### Task statement
Copy exactly the lines of the material below, starting with the first and including the line that holds "g k $ i $ j) \<longlonglongrightarrow>".

### Records for processing
lemma ex_max_if_eventually_below:
  fixes h :: "nat \<Rightarrow> 'n::finite \<Rightarrow> real"
  assumes below: "\<And>n l. N < n \<Longrightarrow> h n l \<le> h 0 l0"
  obtains n0 l1 where "\<And>n l. h n l \<le> h n0 l1"
proof -
  let ?S = "case_prod h ` ({..N} \<times> UNIV)"
  have "finite ?S" "?S \<noteq> {}"
    by auto
  then have "Max ?S \<in> ?S"
    by (rule Max_in)
  then obtain p where "p \<in> {..N} \<times> UNIV" "Max ?S = case_prod h p"
    by blast
  then obtain n0 l1 where max: "h n0 l1 = Max ?S"
    by (cases p) auto
  have in_S: "h n l \<in> ?S" if "n \<le> N" for n l
    using that by (auto intro: rev_image_eqI[of "(n, l)"])
  have "h n l \<le> h n0 l1" for n l
  proof (cases "n \<le> N")
    case True
    then show ?thesis
      unfolding max by (intro Max_ge \<open>finite ?S\<close> in_S)
  next
    case False
    then have "h n l \<le> h 0 l0"
      by (simp add: below)
    also have "h 0 l0 \<le> h n0 l1"
      unfolding max by (intro Max_ge \<open>finite ?S\<close> in_S) simp
    finally show ?thesis .
  qed
  then show ?thesis
    by (rule that)
qed

lemma nonneg_mat_mat_le: "nonneg_mat A \<Longrightarrow> mat_le A B \<Longrightarrow> nonneg_mat B"
  unfolding nonneg_mat_def mat_le_def by (meson order_trans)

lemma mat_le_sandwich_tendsto:
  fixes f g h :: "nat \<Rightarrow> real^'m^'n"
  assumes "\<And>k. mat_le (f k) (g k)" "\<And>k. mat_le (g k) (h k)" "f \<longlonglongrightarrow> L" "h \<longlonglongrightarrow> L"
  shows "g \<longlonglongrightarrow> L"
proof (intro vec_tendstoI)
  fix i j
  have "f k $ i $ j \<le> g k $ i $ j" "g k $ i $ j \<le> h k $ i $ j" for k
    using assms(1,2)[of k] by (simp_all add: mat_le_def)
  then show "(\<lambda>k. g k $ i $ j) \<longlonglongrightarrow> L $ i $ j"
    by (intro real_tendsto_sandwich[OF _ _ tendsto_vec_nth[OF tendsto_vec_nth[OF assms(3)]]
          tendsto_vec_nth[OF tendsto_vec_nth[OF assms(4)]]] always_eventually allI)
qed

lemma mat_le_incseq_tendsto:
  fixes Z :: "nat \<Rightarrow> real^'m^'n"
  assumes inc: "\<And>k. mat_le (Z k) (Z (Suc k))" and bdd: "\<And>k. mat_le (Z k) B"
  obtains L where "Z \<longlonglongrightarrow> L" "mat_le L B" "\<And>k. mat_le (Z k) L"
proof
  define L where "L = (\<chi> i j. SUP k. Z k $ i $ j)"
  have "incseq (\<lambda>k. Z k $ i $ j)" for i j
    using inc by (intro incseq_SucI) (simp add: mat_le_def)
  moreover have "bdd_above (range (\<lambda>k. Z k $ i $ j))" for i j
    using bdd by (intro bdd_aboveI[of _ "B $ i $ j"]) (auto simp: mat_le_def)
  ultimately have "(\<lambda>k. Z k $ i $ j) \<longlonglongrightarrow> L $ i $ j" for i j
    unfolding L_def by (simp add: LIMSEQ_incseq_SUP)
  then show "Z \<longlonglongrightarrow> L"
    by (intro vec_tendstoI) simp
  show "mat_le L B"
    using bdd by (auto simp: L_def mat_le_def intro: cSUP_least)
  show "mat_le (Z k) L" for k
    using \<open>\<And>i j. bdd_above (range (\<lambda>k. Z k $ i $ j))\<close>
    by (auto simp: L_def mat_le_def intro: cSUP_upper)
qed

text \<open>Tannery's theorem, with the series at the upper bound \<open>B\<close> as dominating series.\<close>
lemma tendsto_mat_power_series:
  fixes C Z :: "nat \<Rightarrow> real^'n^'n"
  assumes C: "\<And>j. nonneg_mat (C j)" and summable: "summable (\<lambda>j. C j ** mpow B j)"
    and lim: "Z \<longlonglongrightarrow> L" and Z: "\<And>k. nonneg_mat (Z k)" "\<And>k. mat_le (Z k) B"
  shows "(\<lambda>k. \<Sum>j. C j ** mpow (Z k) j) \<longlonglongrightarrow> (\<Sum>j. C j ** mpow L j)"
proof -
  have dom: "nonneg_mat (C j ** mpow (Z k) j)" "mat_le (C j ** mpow (Z k) j) (C j ** mpow B j)" for j k
    using C Z by (simp_all add: nonneg_mat_mult nonneg_mat_mpow mat_le_mult mat_le_mpow)
  have Z_nth: "(\<lambda>k. Z k $ i $ j) \<longlonglongrightarrow> L $ i $ j" for i j
    by (intro tendsto_vec_nth lim)
  have "0 \<le> L $ i $ j" for i j
    by (rule LIMSEQ_le_const[OF Z_nth]) (use Z(1) in \<open>auto simp: nonneg_mat_def\<close>)
  moreover have "L $ i $ j \<le> B $ i $ j" for i j
    by (rule LIMSEQ_le_const2[OF Z_nth]) (use Z(2) in \<open>auto simp: mat_le_def\<close>)
  ultimately have L: "nonneg_mat L" "mat_le L B"
    by (simp_all add: nonneg_mat_def mat_le_def)
  have summable_L: "summable (\<lambda>j. C j ** mpow L j)"
    by (rule summable_mat_le(1)[OF _ _ summable])
      (simp_all add: C L nonneg_mat_mult nonneg_mat_mpow mat_le_mult mat_le_mpow)
  show ?thesis
  proof (intro vec_tendstoI)
    fix r c
    let ?a = "\<lambda>j k. (C j ** mpow (Z k) j) $ r $ c" and ?M = "\<lambda>j. (C j ** mpow B j) $ r $ c"
    have "norm (?a j k) \<le> ?M j" for j k
      using dom[of j k] by (simp add: nonneg_mat_def mat_le_def)
    then have bound: "\<forall>\<^sub>F (j, k) in sequentially \<times>\<^sub>F sequentially. norm (?a j k) \<le> ?M j"
      by (intro always_eventually) auto
    have lim_a: "(\<lambda>k. ?a j k) \<longlonglongrightarrow> (C j ** mpow L j) $ r $ c" for j
      by (intro tendsto_vec_nth tendsto_matrix_mult tendsto_const tendsto_mpow lim)
    have "summable ?M"
      by (intro summable_vec_nth summable)
    from tannerys_theorem[OF lim_a bound this sequentially_bot]
    have "(\<lambda>k. \<Sum>j. ?a j k) \<longlonglongrightarrow> (\<Sum>j. (C j ** mpow L j) $ r $ c)"
      by (elim conjE)
    moreover have "summable (\<lambda>j. C j ** mpow (Z k) j)" for k
      by (rule summable_mat_le(1)[OF dom summable])
    ultimately show "(\<lambda>k. (\<Sum>j. C j ** mpow (Z k) j) $ r $ c) \<longlonglongrightarrow> (\<Sum>j. C j ** mpow L j) $ r $ c"
      using summable_L by (simp add: suminf_mat_nth)
  qed
qed

lemma stochastic_squeeze_tendsto:
  fixes X Z :: "nat \<Rightarrow> real^'n^'n"
  assumes X: "\<And>k. stochastic (X k)" and ZX: "\<And>k. mat_le (Z k) (X k)"
    and lim: "Z \<longlonglongrightarrow> G" and G: "\<And>i. 1 \<le> (G *v ones) $ i"
  shows "X \<longlonglongrightarrow> G"
proof (intro vec_tendstoI)
  fix i j
  have Z_nth: "(\<lambda>k. Z k $ i $ l) \<longlonglongrightarrow> G $ i $ l" for l
    by (intro tendsto_vec_nth lim)
  define U where "U k = 1 - (\<Sum>l\<in>UNIV. Z k $ i $ l)" for k
  have gap: "0 \<le> X k $ i $ j - Z k $ i $ j" "X k $ i $ j - Z k $ i $ j \<le> U k" for k
  proof -
    show "0 \<le> X k $ i $ j - Z k $ i $ j"
      using ZX[of k] by (simp add: mat_le_def)
    have "X k $ i $ j - Z k $ i $ j \<le> (\<Sum>l\<in>UNIV. X k $ i $ l - Z k $ i $ l)"
      by (rule member_le_sum) (use ZX[of k] in \<open>auto simp: mat_le_def\<close>)
    also have "\<dots> = U k"
      using stochastic_row_sum[OF X] by (simp add: U_def sum_subtractf)
    finally show "X k $ i $ j - Z k $ i $ j \<le> U k" .
  qed
  have "(\<lambda>k. \<Sum>l\<in>UNIV. Z k $ i $ l) \<longlonglongrightarrow> (\<Sum>l\<in>UNIV. G $ i $ l)"
    by (intro tendsto_sum Z_nth)
  then have lim_U: "U \<longlonglongrightarrow> 1 - (G *v ones) $ i"
    unfolding U_def by (simp add: matrix_vector_mult_def tendsto_diff)
  have U_nonneg: "0 \<le> U k" for k
    using gap[of k] by linarith
  have "0 \<le> 1 - (G *v ones) $ i"
    by (rule tendsto_lowerbound[OF lim_U]) (simp_all add: always_eventually U_nonneg)
  with lim_U have "U \<longlonglongrightarrow> 0"
    using G[of i] by simp
  then have "(\<lambda>k. X k $ i $ j - Z k $ i $ j) \<longlonglongrightarrow> 0"
    by (rule real_tendsto_sandwich[rotated 2, OF tendsto_const]) (use gap in auto)
  from tendsto_add[OF this Z_nth[of j]] show "(\<lambda>k. X k $ i $ j) \<longlonglongrightarrow> G $ i $ j"
    by simp
qed

section \<open>Negative drift and Lyapunov vectors\<close>

lemma affine_nonneg_imp_slope_nonneg:
  fixes c g :: real
  assumes "\<And>t. t > 0 \<Longrightarrow> 0 \<le> c + t * g"
  shows "0 \<le> g"
proof (rule ccontr)
  assume "\<not> 0 \<le> g"
  then have "0 \<le> c + ((\<bar>c\<bar> + 1) / - g) * g"
    using divide_pos_neg[of "\<bar>c\<bar> + 1" g] by (intro assms) simp
  with \<open>\<not> 0 \<le> g\<close> show False
    by simp
qed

### Reply
lemma ex_max_if_eventually_below:
  fixes h :: "nat \<Rightarrow> 'n::finite \<Rightarrow> real"
  assumes below: "\<And>n l. N < n \<Longrightarrow> h n l \<le> h 0 l0"
  obtains n0 l1 where "\<And>n l. h n l \<le> h n0 l1"
proof -
  let ?S = "case_prod h ` ({..N} \<times> UNIV)"
  have "finite ?S" "?S \<noteq> {}"
    by auto
  then have "Max ?S \<in> ?S"
    by (rule Max_in)
  then obtain p where "p \<in> {..N} \<times> UNIV" "Max ?S = case_prod h p"
    by blast
  then obtain n0 l1 where max: "h n0 l1 = Max ?S"
    by (cases p) auto
  have in_S: "h n l \<in> ?S" if "n \<le> N" for n l
    using that by (auto intro: rev_image_eqI[of "(n, l)"])
  have "h n l \<le> h n0 l1" for n l
  proof (cases "n \<le> N")
    case True
    then show ?thesis
      unfolding max by (intro Max_ge \<open>finite ?S\<close> in_S)
  next
    case False
    then have "h n l \<le> h 0 l0"
      by (simp add: below)
    also have "h 0 l0 \<le> h n0 l1"
      unfolding max by (intro Max_ge \<open>finite ?S\<close> in_S) simp
    finally show ?thesis .
  qed
  then show ?thesis
    by (rule that)
qed

lemma nonneg_mat_mat_le: "nonneg_mat A \<Longrightarrow> mat_le A B \<Longrightarrow> nonneg_mat B"
  unfolding nonneg_mat_def mat_le_def by (meson order_trans)

lemma mat_le_sandwich_tendsto:
  fixes f g h :: "nat \<Rightarrow> real^'m^'n"
  assumes "\<And>k. mat_le (f k) (g k)" "\<And>k. mat_le (g k) (h k)" "f \<longlonglongrightarrow> L" "h \<longlonglongrightarrow> L"
  shows "g \<longlonglongrightarrow> L"
proof (intro vec_tendstoI)
  fix i j
  have "f k $ i $ j \<le> g k $ i $ j" "g k $ i $ j \<le> h k $ i $ j" for k
    using assms(1,2)[of k] by (simp_all add: mat_le_def)
  then show "(\<lambda>k. g k $ i $ j) \<longlonglongrightarrow> L $ i $ j"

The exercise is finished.